Material shown
__________________________________________________
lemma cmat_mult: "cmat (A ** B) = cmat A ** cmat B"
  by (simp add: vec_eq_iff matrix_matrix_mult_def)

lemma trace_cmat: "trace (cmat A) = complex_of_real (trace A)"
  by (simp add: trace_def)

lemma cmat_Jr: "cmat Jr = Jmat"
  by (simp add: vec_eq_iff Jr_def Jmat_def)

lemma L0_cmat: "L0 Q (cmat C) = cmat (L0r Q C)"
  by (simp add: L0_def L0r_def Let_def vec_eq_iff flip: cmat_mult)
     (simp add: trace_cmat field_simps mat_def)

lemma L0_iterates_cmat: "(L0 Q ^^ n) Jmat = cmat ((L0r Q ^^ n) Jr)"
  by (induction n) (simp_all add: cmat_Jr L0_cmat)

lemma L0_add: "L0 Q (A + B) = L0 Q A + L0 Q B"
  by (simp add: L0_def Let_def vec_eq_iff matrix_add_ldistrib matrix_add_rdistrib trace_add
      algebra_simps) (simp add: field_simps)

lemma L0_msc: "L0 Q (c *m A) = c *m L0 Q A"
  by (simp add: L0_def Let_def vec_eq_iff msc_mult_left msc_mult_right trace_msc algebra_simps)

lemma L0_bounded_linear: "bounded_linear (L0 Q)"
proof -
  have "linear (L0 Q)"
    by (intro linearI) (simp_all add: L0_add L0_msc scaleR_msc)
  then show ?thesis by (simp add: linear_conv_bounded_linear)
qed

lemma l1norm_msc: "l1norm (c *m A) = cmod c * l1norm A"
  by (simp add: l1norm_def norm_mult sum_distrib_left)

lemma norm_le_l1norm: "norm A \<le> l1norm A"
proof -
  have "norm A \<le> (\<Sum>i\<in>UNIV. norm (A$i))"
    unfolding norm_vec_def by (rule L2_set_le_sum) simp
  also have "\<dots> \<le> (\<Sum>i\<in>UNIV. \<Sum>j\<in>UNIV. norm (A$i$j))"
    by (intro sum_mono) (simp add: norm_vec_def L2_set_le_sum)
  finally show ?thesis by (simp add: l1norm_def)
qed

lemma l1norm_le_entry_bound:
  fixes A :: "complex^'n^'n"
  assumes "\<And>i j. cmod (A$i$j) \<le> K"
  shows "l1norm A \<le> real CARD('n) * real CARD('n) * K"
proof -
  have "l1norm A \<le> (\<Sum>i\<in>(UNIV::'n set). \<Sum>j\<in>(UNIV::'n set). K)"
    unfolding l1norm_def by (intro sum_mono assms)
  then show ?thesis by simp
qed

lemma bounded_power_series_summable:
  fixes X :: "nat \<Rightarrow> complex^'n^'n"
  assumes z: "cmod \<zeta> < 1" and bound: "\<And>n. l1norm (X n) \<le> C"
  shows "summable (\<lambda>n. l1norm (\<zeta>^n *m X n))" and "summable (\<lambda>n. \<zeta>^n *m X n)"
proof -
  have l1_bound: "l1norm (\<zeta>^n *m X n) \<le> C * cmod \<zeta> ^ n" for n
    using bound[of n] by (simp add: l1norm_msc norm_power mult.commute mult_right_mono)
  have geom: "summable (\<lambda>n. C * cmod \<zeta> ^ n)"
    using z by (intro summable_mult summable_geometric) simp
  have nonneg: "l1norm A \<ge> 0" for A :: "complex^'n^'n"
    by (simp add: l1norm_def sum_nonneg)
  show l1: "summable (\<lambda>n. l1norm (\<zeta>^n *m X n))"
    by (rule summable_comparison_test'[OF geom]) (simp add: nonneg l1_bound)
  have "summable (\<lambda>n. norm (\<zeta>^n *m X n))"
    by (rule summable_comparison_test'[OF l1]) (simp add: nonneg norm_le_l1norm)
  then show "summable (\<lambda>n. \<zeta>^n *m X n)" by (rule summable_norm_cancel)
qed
__________________________________________________
What the task asks
Please give the count of lines in the listing that include the string "intro", with no words around it.

Answer box
4